Please don’t dig me out. I am writing this out of my conscience as a
scientist. We are using, largely, the tax payers’ money to explore
mechanisms underlying diseases that we don’t have a cure, yet. We are doing
this in the hope that little bit knowledge can accumulate till one day we
can find that magic bullet. However, there are people out there, their
purpose is to use these money to achieve their personal fames, sometimes
international ones, totally disregarding our original noble cause. I am
doing this because I believe a wrong message has to be corrected if it is
wrong, but I found I am now in no place to do that, I am expose this here in
the hope that somebody with power, can do this for us.
I am working in the inflammasomes field, where adaptor molecule ASC plays a
pivotal role by bridging interactions between NLR family members and the
proinflammatory Caspase-1. However, that paradigm was changed recently. In a
paper published in the 10th issue of volume 12 of Nature Immunology,
Ippagunta et al. claimed that they have identified an additional and
unexpected mechanism by which ASC, a core component of inflammasomes, can
control adaptive immune responses via regulation of the expression of the
gene encoding Dock2. The authors first demonstrated that primed dendritic
cells from Asc deficient mice are defective for uptaking of particulate
antigens. In addition, Asc deficient mice showed lower number of
lymphocytes as well as myeloid cells in peripheral lymphoid organs. More or
less, the phenotype presented in Asc deficient mice recapitulated the ones
discovered in Dock2 deficient mice. Gene expression array analysis followed
by Western blotting did indicate that Dock2 protein expression was abrogated
in Asc deficient lymphoid and myeloid cells. The authors further provided
evidence that messenger RNA for Dock2 has a much-shortened life span than
its wild type counterpart. Finally complementation of Asc deficient cells
with Dock2 protein did have rescued immune cell functions. The authors
concluded that they have identified a critical and unexpected role of Asc in
regulating the motility of lymphocytes and professional antigen presenting
cells independently of inflammasomes.
While the data presented in this paper are largely not flawed, the
interpretation of these data are quite questionable since the authors did
not provide evidence regarding complementation of Asc deficiency by forced
expression of ectopic Asc protein within these cells to determine whether
ASC regulates Dock2 expression.
We have the same Asc deficient mouse strain as the one the authors used in
their publication, which was originally generated by Millennium
Biopharmaceuticals. Inc. We have established stable bone marrow derived
macrophage cell lines (BMDM) from the original mouse line when we just
imported the mouse line. After a SNP analysis, we were not satisfied with
the amount of C57BL/6 genetic background in the mouse line and decided to
further back-cross them to B6 mice for two more generations.
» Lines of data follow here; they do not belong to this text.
(* For all integers $n,m\ge1$, $$\beta(n)\beta(m)=\sum_{d\mid\gcd(n,m)}\beta(nm/d^2)\,d\,\lambda(d),\qquad \beta(nm)=\sum_{d\mid\gcd(n,m)}\beta(n/d)\beta(m/d)\,d\,\mu^2(d).$$ Consequently $\beta(nm)\ge\beta(n)\beta(m)$ for all $n,m\ge1$.
   Context: $\lambda$ is the Liouville function, $\mu$ the Möbius function, and $\beta(n)=\sum_{d\mid n}d\,\lambda(n/d)$. *)

theory Defs
  imports "HOL-Computational_Algebra.Computational_Algebra"
begin

definition liouville :: "nat \<Rightarrow> int" where
  "liouville n = (-1) ^ size (prime_factorization n)"

definition moebius :: "nat \<Rightarrow> int" where
  "moebius n = (if squarefree n then (-1) ^ card (prime_factors n) else 0)"

definition beta :: "nat \<Rightarrow> int" where
  "beta n = (\<Sum>d | d dvd n. int d * liouville (n div d))"

end

theory Submission
  imports Defs
begin

(* Both identities are "multiplicative in the pair (n, m)": if n1*m1 and n2*m2
   are coprime, then the divisors of gcd (n1*n2) (m1*m2) are exactly the products x*y of a
   divisor x of gcd n1 m1 and a divisor y of gcd n2 m2, and every factor in the summands
   (beta, liouville, the square of moebius, the identity) splits multiplicatively.  Hence each
   identity reduces, by an induction over the prime-power decomposition of (n, m), to the case
   n = p^a, m = p^b.  There beta has the closed form (p+1) beta(p^k) = p^(k+1) + (-1)^k, which
   yields the three-term recursion
       beta(p^(a+1)) beta(p^(b+1)) = beta(p^(a+b+2)) - p beta(p^a) beta(p^b),
   and both prime-power identities follow from it.  The inequality beta(nm) >= beta(n) beta(m)
   is read off from the second identity: its d = 1 term is beta(n) beta(m), and all other
   terms are nonnegative because beta is nonnegative (again by the closed form). *)

section \<open>Divisors of coprime products and of prime powers\<close>

lemma gcd_product_of_divisors:
  fixes a b x y :: nat
  assumes "coprime a b" "x dvd a" "y dvd b"
  shows "gcd (x * y) a = x"
  by (metis assms coprime_divisors gcd_mult_left_right_cancel
      gcd_nat.orderE gcd_nat.order_iff_strict)

lemma divisor_of_coprime_product:
  fixes a b d :: nat
  assumes "coprime a b" "d dvd a * b"
  shows "gcd d a * gcd d b = d"
proof -
  obtain x y where xy: "d = x * y" "x dvd a" "y dvd b"
    using assms(2) by (rule dvd_productE)
  have "gcd d a = x"
    using gcd_product_of_divisors[OF assms(1) xy(2,3)] xy(1) by simp
  moreover have "gcd d b = y"
    using gcd_product_of_divisors[of b a y x] assms(1) xy
    by (simp add: coprime_commute mult.commute)
  ultimately show ?thesis using xy(1) by simp
qed

lemma gcd_coprime_product:
  fixes a b d :: nat
  assumes "coprime a b"
  shows "gcd d (a * b) = gcd d a * gcd d b"
proof -
  have "gcd (gcd d (a * b)) a = gcd d a" "gcd (gcd d (a * b)) b = gcd d b"
    by (metis gcd.assoc gcd.commute gcd_nat.absorb_iff1 dvd_triv_left dvd_triv_right)+
  with divisor_of_coprime_product[OF assms, of "gcd d (a * b)"] show ?thesis by simp
qed

lemma gcd_of_coprime_pairs:
  fixes n1 n2 m1 m2 :: nat
  assumes "coprime (n1 * m1) (n2 * m2)"
  shows "gcd (n1 * n2) (m1 * m2) = gcd n1 m1 * gcd n2 m2"
proof -
  have c: "coprime n1 n2" "coprime m1 m2" "coprime n1 m2" "coprime n2 m1"
    using assms by (auto simp: coprime_commute)
  have "gcd (n1 * n2) (m1 * m2) = gcd (m1 * m2) n1 * gcd (m1 * m2) n2"
    by (subst gcd.commute) (rule gcd_coprime_product[OF c(1)])
  also have "\<dots> = (gcd n1 m1 * gcd n1 m2) * (gcd n2 m1 * gcd n2 m2)"
    by (simp only: gcd.commute[of "m1 * m2"] gcd_coprime_product[OF c(2)])
  finally show ?thesis using c by simp
qed

lemma coprime_div_div:
  fixes a b x y :: nat
  assumes "coprime a b" "x dvd a" "y dvd b"
  shows "coprime (a div x) (b div y)"
  using assms by fastforce

lemma divisor_sum_coprime_product:
  fixes a b :: nat and F :: "nat \<Rightarrow> 'c::comm_monoid_add"
  assumes "coprime a b"
  shows "(\<Sum>d | d dvd a * b. F d) = (\<Sum>x | x dvd a. \<Sum>y | y dvd b. F (x * y))"
proof -
  have "(\<Sum>d | d dvd a * b. F d) = (\<Sum>(x, y) \<in> {x. x dvd a} \<times> {y. y dvd b}. F (x * y))"
  proof (rule sum.reindex_bij_witness[where i="\<lambda>(x, y). x * y" and j="\<lambda>d. (gcd d a, gcd d b)"])
    fix p assume "p \<in> {x. x dvd a} \<times> {y. y dvd b}"
    then obtain x y where xy: "p = (x, y)" "x dvd a" "y dvd b" by auto
    have "gcd (x * y) a = x \<and> gcd (x * y) b = y"
      using gcd_product_of_divisors[OF assms xy(2,3)] gcd_product_of_divisors[of b a y x]
        assms xy by (simp add: coprime_commute mult.commute)
    then show "(gcd (case p of (x, y) \<Rightarrow> x * y) a, gcd (case p of (x, y) \<Rightarrow> x * y) b) = p"
      using xy by simp
    show "(case p of (x, y) \<Rightarrow> x * y) \<in> {d. d dvd a * b}"
      using xy by (simp add: mult_dvd_mono)
  qed (use divisor_of_coprime_product[OF assms] in auto)
  also have "\<dots> = (\<Sum>x | x dvd a. \<Sum>y | y dvd b. F (x * y))"
    by (rule sum.cartesian_product[symmetric])
  finally show ?thesis .
qed

lemma divisor_sum_prime_power:
  fixes F :: "nat \<Rightarrow> 'c::comm_monoid_add"
  assumes "prime p"
  shows "(\<Sum>d | d dvd p ^ c. F d) = (\<Sum>j\<le>c. F (p ^ j))"
proof -
  have "{d. d dvd p ^ c} = (\<lambda>j. p ^ j) ` {..c}"
    using divides_primepow_nat[OF assms] by auto
  moreover have "inj_on (\<lambda>j. p ^ j) {..c}"
    using prime_gt_1_nat[OF assms] by (auto intro: inj_onI simp: power_inject_exp)
  ultimately show ?thesis by (simp add: sum.reindex)
qed

lemma gcd_prime_powers: "gcd ((p::nat) ^ a) (p ^ b) = p ^ min a b"
  by (cases "a \<le> b") (auto simp: min_def le_imp_power_dvd gcd_nat.absorb1 gcd_nat.absorb2)

section \<open>Induction over prime-power decompositions\<close>

text \<open>The induction splits off the full power of
  one prime dividing n*m.\<close>
lemma coprime_prime_power_induct2:
  fixes P :: "nat \<Rightarrow> nat \<Rightarrow> bool" and n m :: nat
  assumes mult: "\<And>n1 m1 n2 m2. coprime (n1 * m1) (n2 * m2) \<Longrightarrow>
                   n1 > 0 \<Longrightarrow> m1 > 0 \<Longrightarrow> n2 > 0 \<Longrightarrow> m2 > 0 \<Longrightarrow>
                   P n1 m1 \<Longrightarrow> P n2 m2 \<Longrightarrow> P (n1 * n2) (m1 * m2)"
    and prime_power: "\<And>p a b. prime p \<Longrightarrow> P (p ^ a) (p ^ b)"
  shows "n > 0 \<Longrightarrow> m > 0 \<Longrightarrow> P n m"
proof (induction "n * m" arbitrary: n m rule: less_induct)
  case less
  show ?case
  proof (cases "n * m = 1")
    case True
    then have "n = 2 ^ 0" "m = 2 ^ 0" by auto
    then show ?thesis using prime_power[of 2 0 0] by simp
  next
    case False
    then obtain p where p: "prime p" "p dvd n * m" using prime_factor_nat by blast
    have p1: "p > 1" using prime_gt_1_nat[OF p(1)] .
    obtain n' where n': "n = p ^ multiplicity p n * n'" "\<not> p dvd n'"
      using multiplicity_decompose'[of n p] less.prems p1 by auto
    obtain m' where m': "m = p ^ multiplicity p m * m'" "\<not> p dvd m'"
      using multiplicity_decompose'[of m p] less.prems p1 by auto
    define a where "a = multiplicity p n"
    define b where "b = multiplicity p m"
    have na: "n = p ^ a * n'" and mb: "m = p ^ b * m'"
      using n' m' by (simp_all add: a_def b_def)
    have pos: "n' > 0" "m' > 0" using less.prems na mb by (auto intro!: Nat.gr0I)
    have not_dvd: "\<not> p dvd n' * m'" using n'(2) m'(2) p(1) by (simp add: prime_dvd_mult_iff)
    then have "coprime p (n' * m')" using p(1) by (rule prime_imp_coprime[rotated])
    then have cop: "coprime (p ^ a * p ^ b) (n' * m')" by (simp add: power_add[symmetric])
    have "a + b \<noteq> 0"
    proof
      assume "a + b = 0"
      then have "n * m = n' * m'" using na mb by simp
      with p(2) not_dvd show False by simp
    qed
    then have "p ^ (a + b) > 1" using p1 one_less_power[of p "a + b"] by linarith
    then have "n' * m' < n * m" using na mb pos by (simp add: power_add)
    then have "P n' m'" using less.hyps pos by simp
    with mult[OF cop] prime_power[OF p(1)] pos p1 have "P (p ^ a * n') (p ^ b * m')"
      by simp
    then show ?thesis using na mb by simp
  qed
qed

lemma coprime_prime_power_induct [consumes 1, case_names mult prime_power]:
  fixes P :: "nat \<Rightarrow> bool"
  assumes "n > 0"
    and "\<And>n1 n2. coprime n1 n2 \<Longrightarrow> P n1 \<Longrightarrow> P n2 \<Longrightarrow> P (n1 * n2)"
    and "\<And>p a. prime p \<Longrightarrow> P (p ^ a)"
  shows "P n"
  using coprime_prime_power_induct2[where P="\<lambda>n m. P n" and m=1] assms
  by (simp add: coprime_mult_left_iff coprime_mult_right_iff)

section \<open>The arithmetic functions\<close>

lemma liouville_mult:
  "x \<noteq> 0 \<Longrightarrow> y \<noteq> 0 \<Longrightarrow> liouville (x * y) = liouville x * liouville y"
  by (simp add: liouville_def prime_factorization_mult power_add)

lemma liouville_prime_power: "prime p \<Longrightarrow> liouville (p ^ k) = (-1) ^ k"
  by (simp add: liouville_def prime_factorization_prime_power)

lemma moebius_squared: "(moebius d)^2 = (if squarefree d then 1 else 0)"
  by (simp add: moebius_def power_even_eq[symmetric] flip: power_mult)

lemma moebius_squared_mult:
  assumes "coprime x y"
  shows "(moebius (x * y))^2 = (moebius x)^2 * (moebius y)^2"
  using squarefree_mult_coprime[OF assms] squarefree_multD[of x y]
  by (auto simp: moebius_squared)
We set out to explore the mechanism how Asc regulate Dock2 expression. When
we look at the stable BMDM Asc deficient cell line, we find that Dock2
protein expression is indeed absent. We took these cell lines and transfect
them with Asc expressing retroviral vectors. Ectopic Asc expression was
confirmed by Western blot, and pro-IL-1 processing, a hallmark of
inflammasomes activity, was restored by re-expression of Asc in these cells.
However, Asc protein re-expression was not able to rescue Dock2 expression
in these cells. We reasoned that the immortalization process by which we
have generated the cell line might have caused some changes that prevent
Dock2 re-expression after Asc complementation. We established primary BMDM
cultures with bone marrow cells from mice in our current Asc -/- mouse
colony. We were planning to work on these primary cells with the Asc
complementation experiment when, to our surprise, we found that these
primary cells are sufficient for Dock2 expression in the absence of Asc. We
took additional mice from our Asc-/- colony and found every one of them are
Asc deficient but Dock2 sufficient.
While this finding is surprising, we believe what really happened is that
the Asc-/- mouse strain originally from Millennium was a compound mutant
strain with mutations in both Asc and Dock2 locus. The nature of the Dock2
mutation in these mice remains mysterious to us. Our BMDM stable cell line
was established from the original Millennium mouse line, as a result these
cells are also deficient for Dock2 expression. However, after backcrossing
to B6 mice for two generations, that mutant Dock2 allele was segregated from
Asc deficient allele in our current Asc-/- mouse strain since Dock2 and Asc
encoding genes are located on different chromosomes. This explains why
reconstitution of Asc-/- cell lines with Asc protein expression vector
cannot rescue Dock2 expression.
It was a genuine mistake on the authors’ side, since they did not provide
complementation experimental data. It is also a mistake on the reviewers’
since they probably did not ask for such data. However, I believe we have
solid scientific evidence that the phenomenon observed by Ippagunta, et al
was no more than an artificial effect in an accidentally generated compound
mutant mouse line, thus the whole message in that paper does not stand.
It is truly an unfortunate situation for the authors, however, it is more
important to inform the community that they have made a mistake instead of
covering it up and let the wrong message be there to misled other scientists
or even finding its way into textbooks for the next generation.